End-to-end scripts and SDK coverage live under examples/README.md and crates/langshell/tests.

AGENTS.md remains the source of truth for product requirements and engineering contracts, and SKILL.md describes how an AI agent should use LangShell safely.

Why LangShell

Traditional agent execution paths usually fall into one of two extremes:

Tool calling is too fragmented. Complex logic requires many round trips, costs more, and is hard to recover when something fails.
A normal shell has too much privilege, weak state handling, and brittle output parsing. It is not a good place to run untrusted LLM-generated code.

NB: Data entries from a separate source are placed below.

(* For $1\le i<m+n$ and $d\ge2$, let $A_i^{(d)}=L(e_i)L(e_{i+1}^\ast)|_{\mathbb V^{\otimes d}}$ and $B_i^{(d)}=L(e_{i+1})L(e_i^\ast)|_{\mathbb V^{\otimes d}}$. Then, as operators on $\mathbb V^{\otimes d}=\mathbb V\otimes\mathbb V^{\otimes d-1}$, $$A_i^{(d)}=A_i^{(1)}\otimes K_{i+1}^{-1}+\theta^{\delta_{im}}K_i^{-1}\otimes A_i^{(d-1)},\qquad B_i^{(d)}=B_i^{(1)}\otimes K_i+\theta^{\delta_{im}}K_{i+1}\otimes B_i^{(d-1)},$$ where $(X\otimes Y)(v\otimes w)=Xv\otimes Yw$, $\theta:\mathbb V\to\mathbb V$ is $\theta(e_k)=(-1)^{\hat k}e_k$, and $K_j^{\pm1}$ acts on $\mathbb V$ and on $\mathbb V^{\otimes d-1}$ as below.
   Context: $q$ is an indeterminate, $m,n\ge1$, $[m+n]=\{1,\dots,m+n\}$. The Hecke algebra $\mathscr H_d$ is the $\mathbb C(q)$-algebra generated by $T_1,\dots,T_{d-1}$ with relations $(T_i-q)(T_i+q^{-1})=0$, $T_iT_{i+1}T_i=T_{i+1}T_iT_{i+1}$, $T_iT_j=T_jT_i$ ($|i-j|>1$); $T_w=T_{i_1}\cdots T_{i_k}$ for a reduced expression $w=s_{i_1}\cdots s_{i_k}\in\mathfrak S_d$; $\mathscr H_\infty$ is the inductive limit of $\mathscr H_0\subset\mathscr H_1\subset\cdots$, and $T\mapsto T^{\uparrow k}$ is the algebra endomorphism with $T_i^{\uparrow k}=T_{i+k}$. Parity: $\hat i=0$ if $i\le m$, $\hat i=1$ if $i>m$; $q_i=q^{(-1)^{\hat i}}$. $\gamma(i,j)=1$ if $i>j$ and $-1$ if $i\le j$. $\mathbb V$ is the $\mathbb C(q)$-vector space with basis $e_1,\dots,e_{m+n}$, $e_i$ of parity $\hat i$; $e_1^\ast,\dots,e_{m+n}^\ast$ is the dual basis. For $I=(i_d,\dots,i_1)\in[m+n]^d$, $e_I=e_{i_d}\otimes\cdots\otimes e_{i_1}$, written $e_{i_d}\cdots e_{i_1}$; $I.s_k$ is $I$ with the entries $i_k,i_{k+1}$ swapped. The right $\mathscr H_d$-action on $\mathbb V^{\otimes d}$: $e_I.T_k=(-1)^{\hat i_k\hat i_{k+1}}e_{I.s_k}$ if $i_k>i_{k+1}$; $=(-1)^{\hat i_k}q_{i_k}e_I$ if $i_k=i_{k+1}$; $=(-1)^{\hat i_k\hat i_{k+1}}e_{I.s_k}+(q-q^{-1})e_I$ if $i_k<i_{k+1}$. Set $\widetilde T_d(\mathbb V)=\mathbb V^{\otimes d}\otimes_{\mathscr H_d}\mathscr H_\infty$ (containing $\mathbb V^{\otimes d}$ as $\mathbb V^{\otimes d}\otimes 1$), $\widetilde T(\mathbb V)=\bigoplus_{d\ge0}\widetilde T_d(\mathbb V)$, with product $(e_{j_k}\cdots e_{j_1}\otimes T_\tau)\cdot(e_{i_d}\cdots e_{i_1}\otimes T_\sigma)=e_{j_k}\cdots e_{j_1}e_{i_d}\cdots e_{i_1}\otimes T_\tau^{\uparrow d}T_\sigma$. For $\varphi\in\widetilde T(\mathbb V)$, $L(\varphi)$ is left multiplication by $\varphi$; $L(e_i)$ uses $e_i\otimes1\in\widetilde T_1(\mathbb V)$. For $j\in[m+n]$, $f_j(e_r)=q_j^{-\delta_{jr}}e_r$ and $g_j(e_r)=e_r\otimes T_1^{-\gamma(j,r)}\in\widetilde T_1(\mathbb V)$, and $L(e_j^\ast)=0$ on $\widetilde T_0(\mathbb V)$, $$L(e_j^\ast)(e_{i_d}\cdots e_{i_1}\otimes T_\sigma)=\sum_{k=1}^d(-1)^{\hat j(\hat i_d+\cdots+\hat i_{k+1})}\langle e_j^\ast,e_{i_k}\rangle\,g_j(e_{i_d})\cdots g_j(e_{i_{k+1}})f_j(e_{i_{k-1}})\cdots f_j(e_{i_1})\cdot T_\sigma$$ (product in $\widetilde T(\mathbb V)$). The operator $K_j$ ($j\in[m+n]$) acts on $\mathbb V^{\otimes d}$ by $K_j e_I=q_j^{\#\{r:\,i_r=j\}}e_I$ (so on $\mathbb V$, $K_je_r=q_j^{\delta_{jr}}e_r$). *)

theory Defs
  imports "HOL-Computational_Algebra.Polynomial" "HOL-Computational_Algebra.Fraction_Field"
begin

type_synonym K = "complex poly fract"

definition qv :: K where "qv = Fract [:0, 1:] 1"

(* Conventions:
   A word I = (i_d, ..., i_1) in [m+n]^d is stored as the Isabelle list [i_1, ..., i_d],
   i.e. I ! (k-1) = i_k.  Hence e_{i_d} (the leftmost tensor factor) is the LAST list entry.
   A vector of V^{\<otimes>d} is a coefficient function on words, (nat list \<Rightarrow> K),
   supported on words m n d. *)
type_synonym vec = "nat list \<Rightarrow> K"

definition words :: "nat \<Rightarrow> nat \<Rightarrow> nat \<Rightarrow> nat list set" where
  "words m n d = {I. length I = d \<and> set I \<subseteq> {1..m+n}}"

definition in_tensor :: "nat \<Rightarrow> nat \<Rightarrow> nat \<Rightarrow> vec \<Rightarrow> bool" where
  "in_tensor m n d v \<longleftrightarrow> (\<forall>I. I \<notin> words m n d \<longrightarrow> v I = 0)"

definition par :: "nat \<Rightarrow> nat \<Rightarrow> nat" where
  "par m i = (if i \<le> m then 0 else 1)"

definition qq :: "nat \<Rightarrow> nat \<Rightarrow> K" where
  "qq m i = (if i \<le> m then qv else inverse qv)"

definition gam :: "nat \<Rightarrow> nat \<Rightarrow> int" where
  "gam i j = (if i > j then 1 else -1)"

definition bas :: "nat list \<Rightarrow> vec" where
  "bas I = (\<lambda>J. if J = I then 1 else 0)"

definition vscale :: "K \<Rightarrow> vec \<Rightarrow> vec" where
  "vscale c v = (\<lambda>J. c * v J)"

definition vadd :: "vec \<Rightarrow> vec \<Rightarrow> vec" where
  "vadd u w = (\<lambda>J. u J + w J)"

definition lext :: "nat \<Rightarrow> nat \<Rightarrow> nat \<Rightarrow> (nat list \<Rightarrow> vec) \<Rightarrow> vec \<Rightarrow> vec" where
  "lext m n d f v = (\<lambda>J. \<Sum>I\<in>words m n d. v I * f I J)"

(* right action of T_k on a basis vector e_I of V^{\<otimes>d} (1 \<le> k < d) *)
definition hT :: "nat \<Rightarrow> nat \<Rightarrow> nat list \<Rightarrow> vec" where
  "hT m k I = (let a = I ! (k - 1); b = I ! k; J = I[k - 1 := b, k := a] in
     if a > b then vscale ((-1) ^ (par m a * par m b)) (bas J)
     else if a = b then vscale ((-1) ^ (par m a) * qq m a) (bas I)
     else vadd (vscale ((-1) ^ (par m a * par m b)) (bas J)) (vscale (qv - inverse qv) (bas I)))"

(* right action v \<mapsto> v.T_k^e for e \<in> {1,-1} on V^{\<otimes>d};
   T_k^{-1} = T_k - (q - q^{-1}) by the quadratic relation *)
definition hact :: "nat \<Rightarrow> nat \<Rightarrow> nat \<Rightarrow> nat \<Rightarrow> int \<Rightarrow> vec \<Rightarrow> vec" where
  "hact m n d k e v =
     (if e = 1 then lext m n d (hT m k) v
      else vadd (lext m n d (hT m k) v) (vscale (- (qv - inverse qv)) v))"

definition happ :: "nat \<Rightarrow> nat \<Rightarrow> nat \<Rightarrow> (nat \<times> int) list \<Rightarrow> vec \<Rightarrow> vec" where
  "happ m n d h v = foldl (\<lambda>w (a, e). hact m n d a e w) v h"

(* Elements of \<widetilde>T(V) are represented by formal finite sums of terms
   c \<cdot> (e_w \<otimes> T_{a_1}^{e_1} ... T_{a_r}^{e_r}). *)
type_synonym tterm = "K \<times> nat list \<times> (nat \<times> int) list"

(* L(e_j^star)(e_I \<otimes> 1), following the defining formula: the k-th summand is
   sign * <e_j^star, e_{i_k}> * g_j(e_{i_d}) ... g_j(e_{i_{k+1}}) f_j(e_{i_{k-1}}) ... f_j(e_{i_1}),
   and by the product rule of \<widetilde>T(V) this product equals
   (prod of f-scalars) * e_{i_d} ... e_{i_{k+1}} e_{i_{k-1}} ... e_{i_1}
       \<otimes> T_{d-1}^{-\<gamma>(j,i_d)} T_{d-2}^{-\<gamma>(j,i_{d-1})} ... T_k^{-\<gamma>(j,i_{k+1})}. *)
definition Lstar_coef :: "nat \<Rightarrow> nat \<Rightarrow> nat list \<Rightarrow> nat \<Rightarrow> K" where
  "Lstar_coef m j I k =
     (-1) ^ (par m j * (\<Sum>t\<in>{k+1..length I}. par m (I ! (t - 1))))
     * (if I ! (k - 1) = j then 1 else 0)
     * (\<Prod>t\<in>{1..<k}. if I ! (t - 1) = j then inverse (qq m j) else 1)"

definition Lstar_hword :: "nat \<Rightarrow> nat list \<Rightarrow> nat \<Rightarrow> (nat \<times> int) list" where
  "Lstar_hword j I k = map (\<lambda>t. (t - 1, - gam j (I ! (t - 1)))) (rev [k + 1..<length I + 1])"

definition Lstar_rep :: "nat \<Rightarrow> nat \<Rightarrow> nat list \<Rightarrow> tterm list" where
  "Lstar_rep m j I =
     map (\<lambda>k. (Lstar_coef m j I k, take (k - 1) I @ drop k I, Lstar_hword j I k))
         [1..<length I + 1]"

LangShell is intended to provide a middle layer:

AI tokens -> Python code -> safe execution -> structured result -> resumable state

It aims to serve three groups at once:

AI agents: use familiar Python to express loops, branching, caching, retries, concurrency, and data transformation.
Agent framework developers: embed execution through a stable protocol, register tools, enforce limits, and collect audit data.
Platform and security owners: keep the system zero-permission by default and force all side effects through explicit capability boundaries.

Design Principles

Code is the interface: for the agent, the main interface is code rather than an ever-growing collection of tool schemas.
Session is the unit: state, limits, auditing, snapshots, and lifecycle management all center on the session.
Capabilities over permissions: nothing is allowed by default, and all external capabilities must be explicitly registered by the host.
Every side effect is mediated: file, network, database, and other side effects must pass through host-defined capabilities.
Errors are for agents: errors must be stable, structured, and useful for automatic repair and retry.

Implemented MVP Scope

The current MVP provides:

Stateful execution of a Python subset.
Top-level await and async capability calls.
Validate and dry-run modes that catch syntax, type, permission, and tool-availability issues without causing side effects.
A capability registry so the host can expose controlled external functions.
Capability discovery interfaces such as list_tools, describe_tool, and current_policy.
Structured results, stdout and stderr capture, diagnostics, and stable error codes.
Result capture priority of global result, then last expression, then stdout fallback.
Limits for timeout, cancellation, output size, memory, and external call counts.
Snapshot and restore for resumability and approval-boundary pauses.
A Unix-socket JSON-RPC daemon path for session and tool operations.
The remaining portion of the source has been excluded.